- **Assignment**
Only the lines of the data below from the one with "then obtain y v where" through the one with "using Cons.prems(1) by" are wanted. Repeat them exactly.
*** Opening of Supplied information ***
lemma supports_word_act_imp_set_subset:
  assumes "infinite (UNIV :: 'a set)" and "supports word_act C (w :: 'a list)"
  shows "set w \<subseteq> C"
proof
  fix a
  assume "a \<in> set w"
  show "a \<in> C"
  proof (rule ccontr)
    assume "a \<notin> C"
    have "finite (C \<union> set w)"
      using assms(2) by (simp add: supports_def)
    then obtain b where b: "b \<notin> C \<union> set w"
      using assms(1) ex_new_if_finite by blast
    have "\<forall>c\<in>C. transpose a b c = id c"
      using \<open>a \<notin> C\<close> b by (auto simp: transpose_def)
    then have "word_act (transpose a b) w = word_act id w"
      using supportsD[OF assms(2) transpose_in_Perm id_in_Perm] by blast
    then have "map (transpose a b) w = w"
      by (simp add: word_act_def)
    then have "b \<in> set w"
      using \<open>a \<in> set w\<close> by (metis list.set_map image_eqI transpose_apply_first)
    with b show False
      by simp
  qed
qed

lemma supports_word_act_set: "supports word_act (set w) w"
  unfolding supports_def word_act_def by auto

lemma ex_Perm_map_eq:
  "distinct w \<Longrightarrow> distinct w' \<Longrightarrow> length w = length w' \<Longrightarrow> \<exists>g\<in>Perm. map g w = w'"
proof (induction w arbitrary: w')
  case Nil
  then show ?case
    using id_in_Perm by auto
next
  case (Cons x w)
  then obtain y v where w': "w' = y # v"
    by (cases w') auto
  with Cons obtain g where g: "g \<in> Perm" "map g w = v"
    by auto
  let ?h = "transpose (g x) y \<circ> g"
  have agree: "?h a = g a" if "a \<in> set w" for a
  proof -
    have "inj g"
      using g(1) by (simp add: Perm_def bij_is_inj)
    then have "g a \<noteq> g x"
      using that Cons.prems(1) by (auto simp: inj_eq)
    moreover have "g a \<noteq> y"
      using that g(2) Cons.prems(2) w' by auto
    ultimately show ?thesis
      by simp
  qed
  then have "map ?h w = map g w"
    by (rule map_cong[OF refl])
  with g(2) w' have "map ?h (x # w) = w'"
    by simp
  moreover have "?h \<in> Perm"
    by (rule Perm_comp[OF transpose_in_Perm g(1)])
  ultimately show ?case
    by blast
qed

lemma ex_Sb_map_eq:
  "distinct w \<Longrightarrow> length w = length v \<Longrightarrow> \<exists>m\<in>Sb. map m w = v"
proof (induction w arbitrary: v)
  case Nil
  then show ?case
    using id_in_Sb by auto
next
  case (Cons x w)
  then obtain y v' where v: "v = y # v'"
    by (cases v) auto
  with Cons obtain m where m: "m \<in> Sb" "map m w = v'"
    by auto
  have "map (m(x := y)) w = map m w"
    using Cons.prems(1) by (intro map_cong) auto
  with m v have "map (m(x := y)) (x # w) = v"
    by simp
  moreover have "m(x := y) \<in> Sb"
    using m(1) by (rule Sb_fun_upd)
  ultimately show ?case
    by (rule bexI)
qed

definition eval_word :: "('a \<Rightarrow> 'a) \<times> 'a list \<Rightarrow> 'a list" where
  "eval_word p = map (fst p) (snd p)"

lemma F_gen_word_act_subset_kernel:
  assumes "infinite (UNIV :: 'a set)"
  shows "F_gen X word_act \<subseteq> kernel (eval_word :: ('a \<Rightarrow> 'a) \<times> 'a list \<Rightarrow> 'a list)"
proof (rule subrelI)
  fix p q :: "('a \<Rightarrow> 'a) \<times> 'a list"
  assume "(p, q) \<in> F_gen X word_act"
  then show "(p, q) \<in> kernel eval_word"
  proof (cases rule: F_genE)
    case Perm
    then show ?thesis
      by (simp add: kernel_def eval_word_def word_act_def)
  next
    case (supports m m' w C)
    then have "set w \<subseteq> C"
      using supports_word_act_imp_set_subset[OF assms] by blast
    with supports show ?thesis
      by (auto simp: kernel_def eval_word_def)
  qed
qed

lemma F_rel_word_actI:
  assumes distinct: "\<And>w. w \<in> X \<Longrightarrow> distinct w"
    and p: "p \<in> Sb \<times> X" and q: "q \<in> Sb \<times> X"
    and eval_eq: "eval_word p = eval_word q"
  shows "(p, q) \<in> F_rel X word_act"
proof -
  obtain m w m' w' where pq: "p = (m, w)" "q = (m', w')"
    by fastforce
  with eval_eq have "length w = length w'"
    by (metis eval_word_def fst_conv snd_conv length_map)
  then obtain g where g: "g \<in> Perm" "map g w = w'"
    using ex_Perm_map_eq distinct p q pq by blast
  let ?mid = "(m' \<circ> g, w)"
  have "(q, ?mid) \<in> F_gen X word_act"
    using F_gen_PermI[of m' g w X word_act] g p q pq by (simp add: word_act_def)
  moreover have "(p, ?mid) \<in> F_gen X word_act"
  proof -
    have "map m w = map (m' \<circ> g) w"
      using eval_eq pq by (simp add: eval_word_def flip: g(2))
    then have "\<forall>a\<in>set w. m a = (m' \<circ> g) a"
      by (simp add: map_eq_conv)
    moreover have "m' \<circ> g \<in> Sb"
      using g(1) q pq by (auto simp: Perm_def Sb_comp)
    ultimately show ?thesis
      using F_gen_supportsI[OF _ _ _ supports_word_act_set] p pq by blast
  qed
  ultimately have "(p, q) \<in> (F_gen X word_act \<union> (F_gen X word_act)\<inverse>)\<^sup>+"
    by (blast intro: trancl_into_trancl r_into_trancl)
  then show ?thesis
    unfolding F_rel_def by blast
qed

lemma F_rel_word_act_eq:
  fixes X :: "'a list set"
  assumes "infinite (UNIV :: 'a set)"
    and distinct: "\<And>w. w \<in> X \<Longrightarrow> distinct w"
    and closed: "\<And>g w. g \<in> Perm \<Longrightarrow> w \<in> X \<Longrightarrow> map g w \<in> X"
  shows "F_rel X word_act = Restr (kernel eval_word) (Sb \<times> X)"
proof
  have "F_rel X word_act \<subseteq> kernel eval_word"
    by (rule F_rel_subset_kernel[OF F_gen_word_act_subset_kernel[OF assms(1)]])
  moreover have "F_rel X word_act \<subseteq> (Sb \<times> X) \<times> (Sb \<times> X)"
    using equiv_F_rel[of X word_act] closed by (simp add: word_act_def equiv_type)
  ultimately show "F_rel X word_act \<subseteq> Restr (kernel eval_word) (Sb \<times> X)"
    by blast
  show "Restr (kernel eval_word) (Sb \<times> X) \<subseteq> F_rel X word_act"
    by (auto simp: kernel_def intro: F_rel_word_actI distinct)
qed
*** Close of Supplied information ***
- **Task response**
  then obtain y v where w': "w' = y # v"
    by (cases w') auto
  with Cons obtain g where g: "g \<in> Perm" "map g w = v"
    by auto
  let ?h = "transpose (g x) y \<circ> g"
  have agree: "?h a = g a" if "a \<in> set w" for a
  proof -
    have "inj g"
      using g(1) by (simp add: Perm_def bij_is_inj)
    then have "g a \<noteq> g x"
      using that Cons.prems(1) by (auto simp: inj_eq)
    moreover have "g a \<noteq> y"
      using that g(2) Cons.prems(2) w' by auto
    ultimately show ?thesis
      by simp
  qed
  then have "map ?h w = map g w"
    by (rule map_cong[OF refl])
  with g(2) w' have "map ?h (x # w) = w'"
    by simp
  moreover have "?h \<in> Perm"
    by (rule Perm_comp[OF transpose_in_Perm g(1)])
  ultimately show ?case
    by blast
qed

lemma ex_Sb_map_eq:
  "distinct w \<Longrightarrow> length w = length v \<Longrightarrow> \<exists>m\<in>Sb. map m w = v"
proof (induction w arbitrary: v)
  case Nil
  then show ?case
    using id_in_Sb by auto
next
  case (Cons x w)
  then obtain y v' where v: "v = y # v'"
    by (cases v) auto
  with Cons obtain m where m: "m \<in> Sb" "map m w = v'"
    by auto
  have "map (m(x := y)) w = map m w"
    using Cons.prems(1) by (intro map_cong) auto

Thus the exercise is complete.